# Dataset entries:

......

lemma bitstrings_Suc:
  "bitstrings (Suc n) = Cons False ` bitstrings n \<union> Cons True ` bitstrings n"
proof
  show "bitstrings (Suc n) \<subseteq> Cons False ` bitstrings n \<union> Cons True ` bitstrings n"
  proof
    fix xs assume "xs \<in> bitstrings (Suc n)"
    then obtain b l where "xs = b # l" "length l = n"
      by (auto simp: bitstrings_def length_Suc_conv)
    then show "xs \<in> Cons False ` bitstrings n \<union> Cons True ` bitstrings n"
      by (cases b) (auto simp: bitstrings_def)
  qed
qed (auto simp: bitstrings_def)

lemma finite_bitstrings [simp]: "finite (bitstrings n)"
  by (induction n) (auto simp: bitstrings_0 bitstrings_Suc)

lemma sum_bitstrings_Suc:
  "(\<Sum>x\<in>bitstrings (Suc n). g x) =
     (\<Sum>l\<in>bitstrings n. g (False # l)) + (\<Sum>l\<in>bitstrings n. g (True # l))"
  unfolding bitstrings_Suc
  by (subst sum.union_disjoint) (auto simp: sum.reindex)

lemma sum_prod_bitstrings:
  fixes f :: "nat \<Rightarrow> bool \<Rightarrow> 'a::comm_semiring_1"
  shows "(\<Sum>i\<in>bitstrings n. \<Prod>j<n. f j (i ! j)) = (\<Prod>j<n. f j False + f j True)"
proof (induction n arbitrary: f)
  case 0
  then show ?case by (simp add: bitstrings_0)
next
  case (Suc n)
  have "(\<Sum>i\<in>bitstrings (Suc n). \<Prod>j<Suc n. f j (i ! j)) =
    f 0 False * (\<Sum>l\<in>bitstrings n. \<Prod>j<n. f (Suc j) (l ! j)) +
    f 0 True * (\<Sum>l\<in>bitstrings n. \<Prod>j<n. f (Suc j) (l ! j))"
    by (simp add: sum_bitstrings_Suc prod.lessThan_Suc_shift sum_distrib_left
        del: prod.lessThan_Suc)
  also have "\<dots> = (\<Prod>j<Suc n. f j False + f j True)"
    using Suc[of "\<lambda>j. f (Suc j)"]
    by (simp add: prod.lessThan_Suc_shift distrib_right del: prod.lessThan_Suc)
  finally show ?case .
qed

lemma card_bitstrings: "card (bitstrings n) = 2 ^ n"
  using sum_prod_bitstrings[of "\<lambda>_ _. 1::nat" n]
  by (simp only: prod.neutral_const sum_constant one_add_one prod_constant) simp

lemma hweight_Cons: "hweight (b # l) = (if b then Suc (hweight l) else hweight l)"
  by (simp add: hweight_def)

lemma card_bitstrings_Suc_parity:
  "card {i \<in> bitstrings (Suc m). even (hweight i) = b} = 2 ^ m"
proof -
  have "card {i \<in> bitstrings (Suc m). even (hweight i) = b} = card (
     Cons False ` {l \<in> bitstrings m. even (hweight l) = b} \<union>
     Cons True ` {l \<in> bitstrings m. even (hweight l) = (\<not> b)})"
    by (rule arg_cong[where f = card]) (auto simp: bitstrings_Suc hweight_Cons)
  also have "\<dots> = card {l \<in> bitstrings m. even (hweight l) = b} +
      card {l \<in> bitstrings m. even (hweight l) = (\<not> b)}"
    by (subst card_Un_disjoint) (auto simp: card_image)
  also have "\<dots> = card ({l \<in> bitstrings m. even (hweight l) = b} \<union>
      {l \<in> bitstrings m. even (hweight l) = (\<not> b)})"
    by (subst card_Un_disjoint) auto
  also have "{l \<in> bitstrings m. even (hweight l) = b} \<union>
      {l \<in> bitstrings m. even (hweight l) = (\<not> b)} = bitstrings m"
    by auto
  finally show ?thesis by (simp add: card_bitstrings)
qed

lemma card_even_strings: "n \<ge> 1 \<Longrightarrow> card (even_strings n) = 2 ^ (n - 1)"
  using card_bitstrings_Suc_parity[of "n - 1" True] by (simp add: even_strings_def)

lemma prod_nth_eq_power_hweight:
  fixes f :: "bool \<Rightarrow> 'a::comm_monoid_mult"
  assumes "f False = 1" and "length i = n"
  shows "(\<Prod>j<n. f (i ! j)) = f True ^ hweight i"
  using assms(2)
proof (induction i arbitrary: n)
  case Nil
  then show ?case by (simp add: hweight_def)
next
  case (Cons b l)
  then show ?case
    using assms(1) by (auto simp: prod.lessThan_Suc_shift hweight_Cons simp del: prod.lessThan_Suc)
qed

lemma imaginary_unit_powers_average:
  "(if even w then complex_of_real ((-1) ^ (w div 2)) else 0) = (\<i> ^ w + (- \<i>) ^ w) / 2"
proof (cases "even w")
  case True
  then obtain m where "w = 2 * m" by blast
  then show ?thesis by (simp add: power_mult)
next
  case False
  then obtain m where "w = 2 * m + 1" using oddE by blast
  then show ?thesis by (simp add: power_add power_mult)
qed

lemma powr_neg_half_squared: "((2::real) powr (- real m / 2))\<^sup>2 = 1 / 2 ^ m"
proof -
  have "((2::real) powr (- real m / 2))\<^sup>2 = 2 powr (- real m)"
    by (simp add: power2_eq_square flip: powr_add)
  also have "\<dots> = 1 / 2 ^ m"
    by (simp add: powr_minus powr_realpow divide_inverse)
  finally show ?thesis .
qed

definition rot_eigvec :: "bool \<Rightarrow> complex" where
  "rot_eigvec b = (if b then \<i> else 1)"

definition tensor_power :: "nat \<Rightarrow> (bool \<Rightarrow> complex) \<Rightarrow> bool list \<Rightarrow> complex" where
  "tensor_power n v i = (\<Prod>j<n. v (i ! j))"

definition rot_tensor_apply :: "real \<Rightarrow> nat \<Rightarrow> (bool list \<Rightarrow> complex) \<Rightarrow> bool list \<Rightarrow> complex" where
  "rot_tensor_apply \<theta> n \<psi> x = (\<Sum>i\<in>bitstrings n. (\<Prod>j<n. Emat \<theta> (x ! j) (i ! j)) * \<psi> i)"

lemma Emat_rot_eigvec:
  "Emat \<theta> r False * rot_eigvec False + Emat \<theta> r True * rot_eigvec True = cis \<theta> * rot_eigvec r"
  by (cases r) (auto simp: Emat_def rot_eigvec_def complex_eq_iff)

lemma Emat_cnj_rot_eigvec:
  "Emat \<theta> r False * cnj (rot_eigvec False) + Emat \<theta> r True * cnj (rot_eigvec True) =
     cis (- \<theta>) * cnj (rot_eigvec r)"
  by (cases r) (auto simp: Emat_def rot_eigvec_def complex_eq_iff)

lemma rot_tensor_apply_tensor_power:
  "rot_tensor_apply \<theta> n (tensor_power n v) x =
     (\<Prod>j<n. Emat \<theta> (x ! j) False * v False + Emat \<theta> (x ! j) True * v True)"
  unfolding rot_tensor_apply_def tensor_power_def prod.distrib[symmetric]
  by (rule sum_prod_bitstrings)

lemma rot_tensor_apply_scaled_sum:
  "rot_tensor_apply \<theta> n (\<lambda>i. c * (\<phi> i + \<psi> i)) x =
     c * (rot_tensor_apply \<theta> n \<phi> x + rot_tensor_apply \<theta> n \<psi> x)"
  by (simp add: rot_tensor_apply_def algebra_simps sum.distrib sum_distrib_left)

lemma tensor_power_rot_eigvec:
  "length i = n \<Longrightarrow> tensor_power n rot_eigvec i = \<i> ^ hweight i"
  unfolding tensor_power_def by (subst prod_nth_eq_power_hweight) (simp_all add: rot_eigvec_def)

lemma tensor_power_cnj_rot_eigvec:
  "length i = n \<Longrightarrow> tensor_power n (\<lambda>b. cnj (rot_eigvec b)) i = (- \<i>) ^ hweight i"
  unfolding tensor_power_def by (subst prod_nth_eq_power_hweight) (simp_all add: rot_eigvec_def)

lemma Psi_eq_rot_eigvec_superposition:
  assumes "i \<in> bitstrings n"
  shows "Psi n i = complex_of_real (2 powr (- (real n - 1) / 2)) / 2 *
     (tensor_power n rot_eigvec i + tensor_power n (\<lambda>b. cnj (rot_eigvec b)) i)"
proof -
  have "length i = n" using assms by (simp add: bitstrings_def)
  then show ?thesis
    using assms imaginary_unit_powers_average[of "hweight i"]
    by (simp add: Psi_def even_strings_def tensor_power_rot_eigvec tensor_power_cnj_rot_eigvec)
qed

lemma rot_tensor_apply_Psi:
  assumes x: "x \<in> even_strings n"
  shows "rot_tensor_apply \<theta> n (Psi n) x =
    complex_of_real (2 powr (- (real n - 1) / 2) * (-1) ^ (hweight x div 2) * cos (real n * \<theta>))"
proof -
  define c where "c = complex_of_real (2 powr (- (real n - 1) / 2)) / 2"
  have "length x = n" and "even (hweight x)"
    using x by (auto simp: even_strings_def bitstrings_def)
  then obtain m where w: "hweight x = 2 * m" and len: "length x = n" by blast
  have "rot_tensor_apply \<theta> n (Psi n) x = rot_tensor_apply \<theta> n
      (\<lambda>i. c * (tensor_power n rot_eigvec i + tensor_power n (\<lambda>b. cnj (rot_eigvec b)) i)) x"
    unfolding rot_tensor_apply_def c_def by (intro sum.cong refl) (simp add: Psi_eq_rot_eigvec_superposition)
  also have "\<dots> = c * ((\<Prod>j<n. cis \<theta> * rot_eigvec (x ! j)) +
      (\<Prod>j<n. cis (- \<theta>) * cnj (rot_eigvec (x ! j))))"
    by (simp only: rot_tensor_apply_scaled_sum rot_tensor_apply_tensor_power
        Emat_rot_eigvec Emat_cnj_rot_eigvec)
  also have "\<dots> = c * (cis \<theta> ^ n * \<i> ^ hweight x + cis (- \<theta>) ^ n * (- \<i>) ^ hweight x)"
    using tensor_power_rot_eigvec[OF len] tensor_power_cnj_rot_eigvec[OF len]
    by (simp add: prod.distrib tensor_power_def)
  also have "\<dots> = c * (-1) ^ m * (cis (real n * \<theta>) + cis (- (real n * \<theta>)))"
    unfolding w power_mult DeMoivre by (simp add: algebra_simps)
  also have "cis (real n * \<theta>) + cis (- (real n * \<theta>)) = 2 * complex_of_real (cos (real n * \<theta>))"
    by (simp add: complex_eq_iff)
  finally show ?thesis by (simp add: c_def w)
qed

definition kraus_diag :: "real \<Rightarrow> bool \<Rightarrow> bool \<Rightarrow> complex" where
  "kraus_diag \<eta> k r =
     (if k then complex_of_real (sqrt (1 - \<eta>)) * Zmat r r else complex_of_real (sqrt \<eta>))"

lemma kraus_eq_kraus_diag_Emat: "kraus \<eta> \<theta> k r c = kraus_diag \<eta> k r * Emat \<theta> r c"
  by (cases r) (simp_all add: kraus_def kraus_diag_def matmul2_def UNIV_bool Zmat_def)

lemma kraus_tensor_factor:
  "kraus_tensor \<eta> \<theta> n ks x i =
     (\<Prod>j<n. kraus_diag \<eta> (ks ! j) (x ! j)) * (\<Prod>j<n. Emat \<theta> (x ! j) (i ! j))"
  by (simp add: kraus_tensor_def kraus_eq_kraus_diag_Emat prod.distrib)

lemma kraus_diag_completeness:
  assumes "0 \<le> \<eta>" "\<eta> \<le> 1"
  shows "kraus_diag \<eta> False r * cnj (kraus_diag \<eta> False r) +
         kraus_diag \<eta> True r * cnj (kraus_diag \<eta> True r) = 1"
proof -
  have "complex_of_real (sqrt \<eta>) * complex_of_real (sqrt \<eta>) = complex_of_real \<eta>"
       "complex_of_real (sqrt (1 - \<eta>)) * complex_of_real (sqrt (1 - \<eta>)) = complex_of_real (1 - \<eta>)"
    using assms by (simp_all flip: of_real_mult)
  then show ?thesis by (cases r) (auto simp: kraus_diag_def Zmat_def)
qed

lemma kraus_diag_tensor_completeness:
  assumes "0 \<le> \<eta>" "\<eta> \<le> 1"
  shows "(\<Sum>ks\<in>bitstrings n. (\<Prod>j<n. kraus_diag \<eta> (ks ! j) (x ! j)) *
            cnj (\<Prod>j<n. kraus_diag \<eta> (ks ! j) (x ! j))) = 1"
proof -
  have "(\<Sum>ks\<in>bitstrings n. (\<Prod>j<n. kraus_diag \<eta> (ks ! j) (x ! j)) *
          cnj (\<Prod>j<n. kraus_diag \<eta> (ks ! j) (x ! j))) =
        (\<Sum>ks\<in>bitstrings n. \<Prod>j<n. kraus_diag \<eta> (ks ! j) (x ! j) * cnj (kraus_diag \<eta> (ks ! j) (x ! j)))"
    by (simp add: prod.distrib)
  also have "\<dots> = 1"
    by (subst sum_prod_bitstrings) (simp add: kraus_diag_completeness[OF assms])
  finally show ?thesis .
qed

lemma channel_n_proj_diag:
  assumes "0 \<le> \<eta>" "\<eta> \<le> 1"
  shows "channel_n \<eta> \<theta> n (proj \<psi>) x x =
    rot_tensor_apply \<theta> n \<psi> x * cnj (rot_tensor_apply \<theta> n \<psi> x)"
proof -
  define a where "a ks = (\<Prod>j<n. kraus_diag \<eta> (ks ! j) (x ! j))" for ks
  define T where "T i = (\<Prod>j<n. Emat \<theta> (x ! j) (i ! j))" for i
  define S where "S = rot_tensor_apply \<theta> n \<psi> x"
  have "(\<Sum>i\<in>bitstrings n. \<Sum>i'\<in>bitstrings n.
          kraus_tensor \<eta> \<theta> n ks x i * proj \<psi> i i' * cnj (kraus_tensor \<eta> \<theta> n ks x i')) =
        (a ks * cnj (a ks)) * (S * cnj S)" for ks
  proof -
    have "(a ks * cnj (a ks)) * (S * cnj S) = (a ks * cnj (a ks)) *
        (\<Sum>i\<in>bitstrings n. \<Sum>i'\<in>bitstrings n. (T i * \<psi> i) * cnj (T i' * \<psi> i'))"
      unfolding S_def rot_tensor_apply_def T_def cnj_sum sum_product ..
    also have "\<dots> = (\<Sum>i\<in>bitstrings n. \<Sum>i'\<in>bitstrings n.
        kraus_tensor \<eta> \<theta> n ks x i * proj \<psi> i i' * cnj (kraus_tensor \<eta> \<theta> n ks x i'))"
      unfolding sum_distrib_left kraus_tensor_factor proj_def a_def[symmetric] T_def[symmetric]
      by (intro sum.cong refl) (simp only: complex_cnj_mult mult_ac)
    finally show ?thesis by simp
  qed
  then have "channel_n \<eta> \<theta> n (proj \<psi>) x x = (\<Sum>ks\<in>bitstrings n. a ks * cnj (a ks)) * (S * cnj S)"
    by (simp add: channel_n_def sum_distrib_right)
  then show ?thesis
    unfolding a_def kraus_diag_tensor_completeness[OF assms] S_def by simp
qed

......

# Task details:
Every line above that holds the string "intro" should be copied out.

# Solution for this task:
    unfolding rot_tensor_apply_def c_def by (intro sum.cong refl) (simp add: Psi_eq_rot_eigvec_superposition)
      by (intro sum.cong refl) (simp only: complex_cnj_mult mult_ac)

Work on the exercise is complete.